The skill exposes flowgraph building blocks (sources, filters, demodulators, sinks) and lets you connect them in a top_block topology. Embedded Python sync blocks can inspect samples, attach metadata tags (for example a GF(3) trit), and pass complex/float streams through processing stages.

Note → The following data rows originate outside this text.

(* Let $i,j\ge 1$ be integers with $i+j\ge 16$, and let $m=i+j+2(i+j)^{3/4}$. Let $S'$ be a set of $m$ distinct elements of a totally ordered universe, where the rank of an element of $S'$ is its position in increasing order ($1$ for the smallest, $m$ for the largest). Let $R$ be a multiset of $m^{3/4}$ elements of $S'$ drawn uniformly and independently at random with replacement, and let $k=j\,m^{-1/4}+m^{1/2}/2$. Let $E_1$ be the event that at least $k$ of the samples in $R$ (counted with multiplicity) have rank at most $j$ in $S'$, and let $E_2$ be the event that at least $m^{3/4}-k$ of the samples in $R$ (counted with multiplicity) have rank at least $m-i+1$ in $S'$. Then ${\rm Prob}(E_1)\le m^{-1/4}$ and ${\rm Prob}(E_2)\le m^{-1/4}$.
   Context: Quantities such as $m^{3/4}$, $m^{1/2}/2$ and $j\,m^{-1/4}$ are treated as integers (floors/ceilings omitted). *)

theory Defs
  imports "HOL-Probability.Probability"
begin

definition rank :: "'a::linorder set \<Rightarrow> 'a \<Rightarrow> nat" where
  "rank S x = card {y \<in> S. y \<le> x}"

text \<open>A sequence of s independent uniform draws from S (with replacement) is a
  uniformly random element of the function space PiE {..<s} (\<lambda>_. S).\<close>
definition samples :: "nat \<Rightarrow> (nat \<Rightarrow> 'a) \<Rightarrow> 'a multiset" where
  "samples s f = image_mset f (mset_set {..<s})"

definition sample_pmf :: "'a set \<Rightarrow> nat \<Rightarrow> (nat \<Rightarrow> 'a) pmf" where
  "sample_pmf S s = pmf_of_set (PiE {..<s} (\<lambda>_. S))"

end

theory Submission
  imports Defs
begin

text \<open>Write u = m^(1/4), so that s = \<lfloor>u^3\<rfloor> and k = j/u + u^2/2. The number of samples
  whose rank lies in a fixed set of c ranks is binomially distributed with parameters s and
  c/m, so Hoeffding's inequality bounds both probabilities by exp(-2\<epsilon>^2/s), where \<epsilon> is the
  gap between the threshold and the mean. For E1 the mean is at most s j/m \<le> j/u, so
  \<epsilon> \<ge> u^2/2. For E2 the padding m - (i + j) \<approx> 2(i + j)^(3/4) is at least u^3 + 3u/4,
  which leaves \<epsilon> \<ge> u^2/2 - 1/4. In both cases 2\<epsilon>^2/s \<ge> (u - 1/u)/2, and
  ln u \<le> (u - 1/u)/2 turns exp(-2\<epsilon>^2/s) into the bound 1/u = m^(-1/4).\<close>

lemma size_filter_samples:
  "size (filter_mset P (samples s f)) = card {l \<in> {..<s}. P (f l)}"
  unfolding samples_def by (simp add: filter_mset_image_mset)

It supports common SDR hardware (RTL-SDR, HackRF, USRP, Pluto, Lime) and includes examples for FM receive, spectrum analysis, and streaming audio to MPD via a FIFO.

When to use it

  • Prototyping an FM/AM/SSB receiver with real SDR hardware
  • Building a spectrum analyzer or waterfall visualization with FFT output
  • Tagging streams with metadata for downstream processing or classification
  • Streaming demodulated audio to a music player or media pipeline
  • Creating custom DSP blocks in Python for rapid iteration

Best practices

  • Use sample-rate aware filters and decimation to reduce CPU load before heavy processing
  • Tag metadata at block boundaries to preserve provenance (frequency, trit, timestamp)
  • Prefer vectorized FFT and block primitives for large transforms to improve throughput
  • Isolate platform-specific device setup (osmosdr/Soapy) so flowgraph code remains portable
  • Test Python sync blocks with synthetic sources before connecting live hardware

Example use cases

  • FM radio receiver: RTL-SDR source → low-pass filter → WBFM demod → audio sink for headphone playback
  • Spectrum analyzer: grab complex samples → stream_to_vector → FFT → magnitude → websocket or JSON export
  • Audio streaming bridge: demodulate audio → write to FIFO → instruct MPD to play the FIFO
  • Custom tagging block: attach frequency-band trit metadata for routing or visualization
  • Out-of-tree module development: scaffold new Python block modules and install with gr_modtool

FAQ

Which SDR devices are supported?

Common devices are supported: RTL-SDR, HackRF, USRP, PlutoSDR, and LimeSDR via osmosdr/Soapy backends.

How do I add custom Python DSP logic?

Create an embedded sync_block with in_sig/out_sig, implement work(), and add_item_tag() for metadata. Use gr_modtool to scaffold and install an OOT module.